● **Problem**: Across the entries below, how many lines contain the string "complex"? Only the number is wanted.

● **Information supplied**:
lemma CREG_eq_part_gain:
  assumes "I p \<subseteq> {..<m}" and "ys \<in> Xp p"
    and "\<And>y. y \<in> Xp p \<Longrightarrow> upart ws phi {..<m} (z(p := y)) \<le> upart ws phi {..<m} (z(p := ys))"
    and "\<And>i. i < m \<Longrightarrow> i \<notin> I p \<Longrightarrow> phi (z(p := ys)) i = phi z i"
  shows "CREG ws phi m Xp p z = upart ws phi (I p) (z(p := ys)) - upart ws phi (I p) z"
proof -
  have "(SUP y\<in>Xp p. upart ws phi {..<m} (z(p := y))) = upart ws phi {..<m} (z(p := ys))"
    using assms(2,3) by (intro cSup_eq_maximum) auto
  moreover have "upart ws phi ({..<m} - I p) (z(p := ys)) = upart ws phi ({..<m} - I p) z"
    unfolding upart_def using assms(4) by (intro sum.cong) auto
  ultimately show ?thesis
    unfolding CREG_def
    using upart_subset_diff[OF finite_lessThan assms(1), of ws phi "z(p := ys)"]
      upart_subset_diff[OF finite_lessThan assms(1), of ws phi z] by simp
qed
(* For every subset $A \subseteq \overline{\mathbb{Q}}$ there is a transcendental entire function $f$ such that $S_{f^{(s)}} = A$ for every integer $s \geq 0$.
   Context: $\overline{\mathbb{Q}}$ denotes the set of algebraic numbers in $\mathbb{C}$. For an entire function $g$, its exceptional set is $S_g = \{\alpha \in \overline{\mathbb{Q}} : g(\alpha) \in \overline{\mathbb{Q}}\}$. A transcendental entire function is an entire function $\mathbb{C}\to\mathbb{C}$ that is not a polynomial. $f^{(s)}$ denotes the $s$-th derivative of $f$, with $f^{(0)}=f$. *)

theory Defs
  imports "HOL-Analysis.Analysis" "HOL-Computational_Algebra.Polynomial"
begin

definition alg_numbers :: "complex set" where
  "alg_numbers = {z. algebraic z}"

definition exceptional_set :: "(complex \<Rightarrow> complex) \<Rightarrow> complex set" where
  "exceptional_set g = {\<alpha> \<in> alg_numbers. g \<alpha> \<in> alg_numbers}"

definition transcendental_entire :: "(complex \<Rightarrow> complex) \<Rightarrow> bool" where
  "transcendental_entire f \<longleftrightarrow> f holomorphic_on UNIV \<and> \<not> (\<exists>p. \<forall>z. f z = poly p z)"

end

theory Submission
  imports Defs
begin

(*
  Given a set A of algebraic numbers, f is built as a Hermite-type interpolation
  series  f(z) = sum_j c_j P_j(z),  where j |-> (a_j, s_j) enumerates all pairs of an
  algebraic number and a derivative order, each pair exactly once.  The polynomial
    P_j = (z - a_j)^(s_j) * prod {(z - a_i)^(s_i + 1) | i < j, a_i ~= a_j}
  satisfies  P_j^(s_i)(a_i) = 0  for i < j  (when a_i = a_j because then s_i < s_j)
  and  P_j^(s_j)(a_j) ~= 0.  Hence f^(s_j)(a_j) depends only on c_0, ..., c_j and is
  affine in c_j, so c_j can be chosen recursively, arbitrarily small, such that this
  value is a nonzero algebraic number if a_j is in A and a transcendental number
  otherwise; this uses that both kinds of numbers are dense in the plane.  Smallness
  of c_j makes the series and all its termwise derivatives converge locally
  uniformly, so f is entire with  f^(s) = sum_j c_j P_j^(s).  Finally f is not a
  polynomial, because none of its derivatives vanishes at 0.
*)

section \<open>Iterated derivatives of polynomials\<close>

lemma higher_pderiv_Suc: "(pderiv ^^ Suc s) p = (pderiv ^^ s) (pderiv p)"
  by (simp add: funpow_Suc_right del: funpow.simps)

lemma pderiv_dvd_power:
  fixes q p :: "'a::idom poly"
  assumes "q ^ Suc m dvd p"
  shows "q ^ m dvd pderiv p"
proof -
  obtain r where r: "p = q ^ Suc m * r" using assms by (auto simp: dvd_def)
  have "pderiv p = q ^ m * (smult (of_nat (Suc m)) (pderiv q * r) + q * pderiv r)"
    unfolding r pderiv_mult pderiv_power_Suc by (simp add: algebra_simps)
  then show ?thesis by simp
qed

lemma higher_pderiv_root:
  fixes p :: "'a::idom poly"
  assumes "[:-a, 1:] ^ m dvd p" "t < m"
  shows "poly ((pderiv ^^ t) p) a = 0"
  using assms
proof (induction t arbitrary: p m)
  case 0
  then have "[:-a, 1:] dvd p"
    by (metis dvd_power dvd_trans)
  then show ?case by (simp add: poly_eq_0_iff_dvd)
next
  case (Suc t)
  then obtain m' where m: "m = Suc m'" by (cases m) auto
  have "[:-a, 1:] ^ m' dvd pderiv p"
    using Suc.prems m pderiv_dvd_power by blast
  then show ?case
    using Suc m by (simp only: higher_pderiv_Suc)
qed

...

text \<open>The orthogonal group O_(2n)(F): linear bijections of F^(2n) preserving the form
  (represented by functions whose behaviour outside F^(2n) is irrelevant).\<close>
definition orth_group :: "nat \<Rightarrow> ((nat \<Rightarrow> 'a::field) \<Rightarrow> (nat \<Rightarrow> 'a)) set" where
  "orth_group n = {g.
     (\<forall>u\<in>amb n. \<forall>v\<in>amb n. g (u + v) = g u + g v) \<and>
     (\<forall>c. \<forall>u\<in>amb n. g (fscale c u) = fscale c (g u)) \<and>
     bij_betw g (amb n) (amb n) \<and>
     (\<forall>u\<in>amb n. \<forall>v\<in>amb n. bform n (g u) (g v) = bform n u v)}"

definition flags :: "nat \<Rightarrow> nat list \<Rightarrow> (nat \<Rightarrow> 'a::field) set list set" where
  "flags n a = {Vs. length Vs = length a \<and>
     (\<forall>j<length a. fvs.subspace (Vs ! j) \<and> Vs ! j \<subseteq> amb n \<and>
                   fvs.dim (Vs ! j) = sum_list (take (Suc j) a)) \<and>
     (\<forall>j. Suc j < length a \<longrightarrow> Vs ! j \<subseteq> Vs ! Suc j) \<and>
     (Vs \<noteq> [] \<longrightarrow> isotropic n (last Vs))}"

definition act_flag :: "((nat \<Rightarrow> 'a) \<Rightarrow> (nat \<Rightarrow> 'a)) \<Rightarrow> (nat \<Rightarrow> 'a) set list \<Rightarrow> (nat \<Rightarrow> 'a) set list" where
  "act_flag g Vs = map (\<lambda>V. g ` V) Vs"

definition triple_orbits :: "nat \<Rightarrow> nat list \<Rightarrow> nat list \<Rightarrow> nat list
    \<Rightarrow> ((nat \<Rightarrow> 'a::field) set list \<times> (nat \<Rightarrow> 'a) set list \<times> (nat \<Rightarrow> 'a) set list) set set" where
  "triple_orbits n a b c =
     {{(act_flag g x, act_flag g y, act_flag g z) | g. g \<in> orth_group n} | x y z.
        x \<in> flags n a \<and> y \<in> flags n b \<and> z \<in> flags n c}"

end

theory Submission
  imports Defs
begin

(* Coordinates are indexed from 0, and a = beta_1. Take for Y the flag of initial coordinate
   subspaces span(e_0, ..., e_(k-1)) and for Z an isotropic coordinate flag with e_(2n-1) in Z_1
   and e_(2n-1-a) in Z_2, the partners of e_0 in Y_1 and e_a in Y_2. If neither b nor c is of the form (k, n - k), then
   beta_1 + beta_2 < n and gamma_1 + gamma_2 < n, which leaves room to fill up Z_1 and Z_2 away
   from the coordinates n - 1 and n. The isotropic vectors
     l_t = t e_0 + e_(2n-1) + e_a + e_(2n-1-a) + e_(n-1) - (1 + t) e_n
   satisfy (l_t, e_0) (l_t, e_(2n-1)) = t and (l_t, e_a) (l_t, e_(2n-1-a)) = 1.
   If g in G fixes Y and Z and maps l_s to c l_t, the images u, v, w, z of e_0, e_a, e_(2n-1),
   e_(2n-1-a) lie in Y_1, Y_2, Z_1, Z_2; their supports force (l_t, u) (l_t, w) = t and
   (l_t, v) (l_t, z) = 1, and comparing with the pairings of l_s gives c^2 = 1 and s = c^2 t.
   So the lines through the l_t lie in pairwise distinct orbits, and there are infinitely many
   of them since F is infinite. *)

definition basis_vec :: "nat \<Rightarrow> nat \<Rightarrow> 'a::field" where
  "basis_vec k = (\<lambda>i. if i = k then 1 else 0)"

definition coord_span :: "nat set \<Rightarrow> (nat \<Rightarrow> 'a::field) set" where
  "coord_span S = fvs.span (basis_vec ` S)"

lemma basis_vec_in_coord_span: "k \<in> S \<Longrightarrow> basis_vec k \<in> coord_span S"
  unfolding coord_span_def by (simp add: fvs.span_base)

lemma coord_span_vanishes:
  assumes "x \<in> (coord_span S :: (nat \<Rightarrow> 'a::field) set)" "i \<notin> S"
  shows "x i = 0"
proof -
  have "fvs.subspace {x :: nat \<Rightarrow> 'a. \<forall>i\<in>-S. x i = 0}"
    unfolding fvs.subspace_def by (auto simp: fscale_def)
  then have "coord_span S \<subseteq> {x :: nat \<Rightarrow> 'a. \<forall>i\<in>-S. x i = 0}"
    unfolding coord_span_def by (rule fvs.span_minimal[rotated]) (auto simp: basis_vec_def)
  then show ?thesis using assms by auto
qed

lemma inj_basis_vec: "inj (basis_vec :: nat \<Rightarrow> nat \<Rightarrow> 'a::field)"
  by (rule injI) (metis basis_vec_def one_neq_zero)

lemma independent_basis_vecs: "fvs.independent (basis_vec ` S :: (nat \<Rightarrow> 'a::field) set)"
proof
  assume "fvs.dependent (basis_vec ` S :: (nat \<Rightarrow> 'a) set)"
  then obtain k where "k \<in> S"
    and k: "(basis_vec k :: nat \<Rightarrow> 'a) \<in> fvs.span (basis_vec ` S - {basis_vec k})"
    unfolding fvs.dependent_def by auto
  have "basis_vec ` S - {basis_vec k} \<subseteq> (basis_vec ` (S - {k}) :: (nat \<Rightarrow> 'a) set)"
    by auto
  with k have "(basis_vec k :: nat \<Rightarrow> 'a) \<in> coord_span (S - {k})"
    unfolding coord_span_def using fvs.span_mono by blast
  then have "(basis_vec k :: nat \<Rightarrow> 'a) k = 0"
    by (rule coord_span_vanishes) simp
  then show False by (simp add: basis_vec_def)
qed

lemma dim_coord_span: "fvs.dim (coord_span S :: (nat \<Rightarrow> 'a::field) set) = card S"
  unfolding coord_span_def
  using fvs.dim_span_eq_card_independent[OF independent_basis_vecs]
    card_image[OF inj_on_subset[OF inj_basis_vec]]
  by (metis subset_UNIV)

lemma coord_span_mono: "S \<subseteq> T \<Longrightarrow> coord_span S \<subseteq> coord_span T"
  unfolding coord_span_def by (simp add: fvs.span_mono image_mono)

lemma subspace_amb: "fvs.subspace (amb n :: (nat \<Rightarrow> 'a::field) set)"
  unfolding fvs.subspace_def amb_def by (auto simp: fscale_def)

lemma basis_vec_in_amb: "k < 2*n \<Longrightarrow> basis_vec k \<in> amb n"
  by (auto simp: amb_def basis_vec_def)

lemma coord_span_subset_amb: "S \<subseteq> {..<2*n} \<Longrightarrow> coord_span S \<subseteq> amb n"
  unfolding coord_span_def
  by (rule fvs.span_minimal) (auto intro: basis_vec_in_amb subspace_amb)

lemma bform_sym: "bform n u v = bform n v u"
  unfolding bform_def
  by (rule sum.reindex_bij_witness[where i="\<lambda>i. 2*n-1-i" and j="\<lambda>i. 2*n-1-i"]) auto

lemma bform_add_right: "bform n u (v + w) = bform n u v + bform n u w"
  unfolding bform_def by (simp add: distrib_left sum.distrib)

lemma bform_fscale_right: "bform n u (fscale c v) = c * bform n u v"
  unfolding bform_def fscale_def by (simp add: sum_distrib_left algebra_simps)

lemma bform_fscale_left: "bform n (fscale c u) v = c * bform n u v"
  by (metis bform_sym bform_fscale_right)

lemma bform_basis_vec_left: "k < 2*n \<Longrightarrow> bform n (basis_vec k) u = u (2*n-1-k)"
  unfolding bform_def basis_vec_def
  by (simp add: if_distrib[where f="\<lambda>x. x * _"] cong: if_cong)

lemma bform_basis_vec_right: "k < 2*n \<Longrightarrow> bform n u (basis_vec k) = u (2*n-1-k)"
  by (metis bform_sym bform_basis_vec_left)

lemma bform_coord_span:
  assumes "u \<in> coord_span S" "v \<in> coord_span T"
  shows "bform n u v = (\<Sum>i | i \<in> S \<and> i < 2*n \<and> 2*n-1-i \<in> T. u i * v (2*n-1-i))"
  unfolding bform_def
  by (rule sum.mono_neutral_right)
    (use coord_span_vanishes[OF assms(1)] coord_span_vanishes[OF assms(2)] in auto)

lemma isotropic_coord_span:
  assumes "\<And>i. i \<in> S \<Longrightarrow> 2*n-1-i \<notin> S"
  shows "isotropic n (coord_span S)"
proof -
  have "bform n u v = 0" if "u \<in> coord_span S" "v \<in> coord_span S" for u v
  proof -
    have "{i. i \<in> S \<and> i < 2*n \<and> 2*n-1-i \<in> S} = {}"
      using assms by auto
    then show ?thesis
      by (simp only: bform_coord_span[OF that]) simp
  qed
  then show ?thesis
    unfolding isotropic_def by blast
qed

==

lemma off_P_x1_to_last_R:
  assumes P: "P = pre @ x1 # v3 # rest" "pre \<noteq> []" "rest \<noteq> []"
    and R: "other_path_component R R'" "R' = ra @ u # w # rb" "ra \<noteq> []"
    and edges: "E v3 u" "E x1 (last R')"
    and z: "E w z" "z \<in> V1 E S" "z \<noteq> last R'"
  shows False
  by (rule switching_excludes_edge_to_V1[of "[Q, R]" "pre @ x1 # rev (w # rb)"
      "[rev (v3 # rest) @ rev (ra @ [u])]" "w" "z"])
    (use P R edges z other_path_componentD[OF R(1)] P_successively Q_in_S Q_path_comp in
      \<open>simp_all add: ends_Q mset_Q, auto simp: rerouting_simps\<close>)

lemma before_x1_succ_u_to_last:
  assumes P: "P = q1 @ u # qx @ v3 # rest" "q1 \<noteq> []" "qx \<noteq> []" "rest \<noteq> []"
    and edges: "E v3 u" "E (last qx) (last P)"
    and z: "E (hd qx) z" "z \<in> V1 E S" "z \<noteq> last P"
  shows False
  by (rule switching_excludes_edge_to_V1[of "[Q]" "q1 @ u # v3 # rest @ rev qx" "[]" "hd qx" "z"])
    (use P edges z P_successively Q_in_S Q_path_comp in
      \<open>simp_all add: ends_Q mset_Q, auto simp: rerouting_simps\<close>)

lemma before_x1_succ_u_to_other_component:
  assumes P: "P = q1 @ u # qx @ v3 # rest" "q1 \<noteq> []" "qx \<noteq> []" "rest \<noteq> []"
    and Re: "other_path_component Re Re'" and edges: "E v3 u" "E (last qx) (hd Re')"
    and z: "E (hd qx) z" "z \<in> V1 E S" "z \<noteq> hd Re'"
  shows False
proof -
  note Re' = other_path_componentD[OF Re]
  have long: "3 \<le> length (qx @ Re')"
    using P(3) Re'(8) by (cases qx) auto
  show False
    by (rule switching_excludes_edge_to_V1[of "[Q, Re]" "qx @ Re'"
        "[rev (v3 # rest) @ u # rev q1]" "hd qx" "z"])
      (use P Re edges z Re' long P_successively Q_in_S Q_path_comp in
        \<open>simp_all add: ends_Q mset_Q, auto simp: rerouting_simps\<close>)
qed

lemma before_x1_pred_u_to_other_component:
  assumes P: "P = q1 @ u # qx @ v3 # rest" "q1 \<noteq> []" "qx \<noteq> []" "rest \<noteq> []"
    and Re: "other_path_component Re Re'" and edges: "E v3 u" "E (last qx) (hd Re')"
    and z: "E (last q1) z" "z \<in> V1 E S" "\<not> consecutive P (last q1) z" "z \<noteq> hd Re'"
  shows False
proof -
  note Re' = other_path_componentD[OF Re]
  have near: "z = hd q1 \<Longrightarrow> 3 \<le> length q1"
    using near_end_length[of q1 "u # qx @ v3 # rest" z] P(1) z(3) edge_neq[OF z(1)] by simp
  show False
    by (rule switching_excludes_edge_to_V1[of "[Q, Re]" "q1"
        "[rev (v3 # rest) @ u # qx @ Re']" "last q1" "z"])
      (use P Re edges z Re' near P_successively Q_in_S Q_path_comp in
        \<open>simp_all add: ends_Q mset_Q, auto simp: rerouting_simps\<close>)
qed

● **Answer to this problem**: 3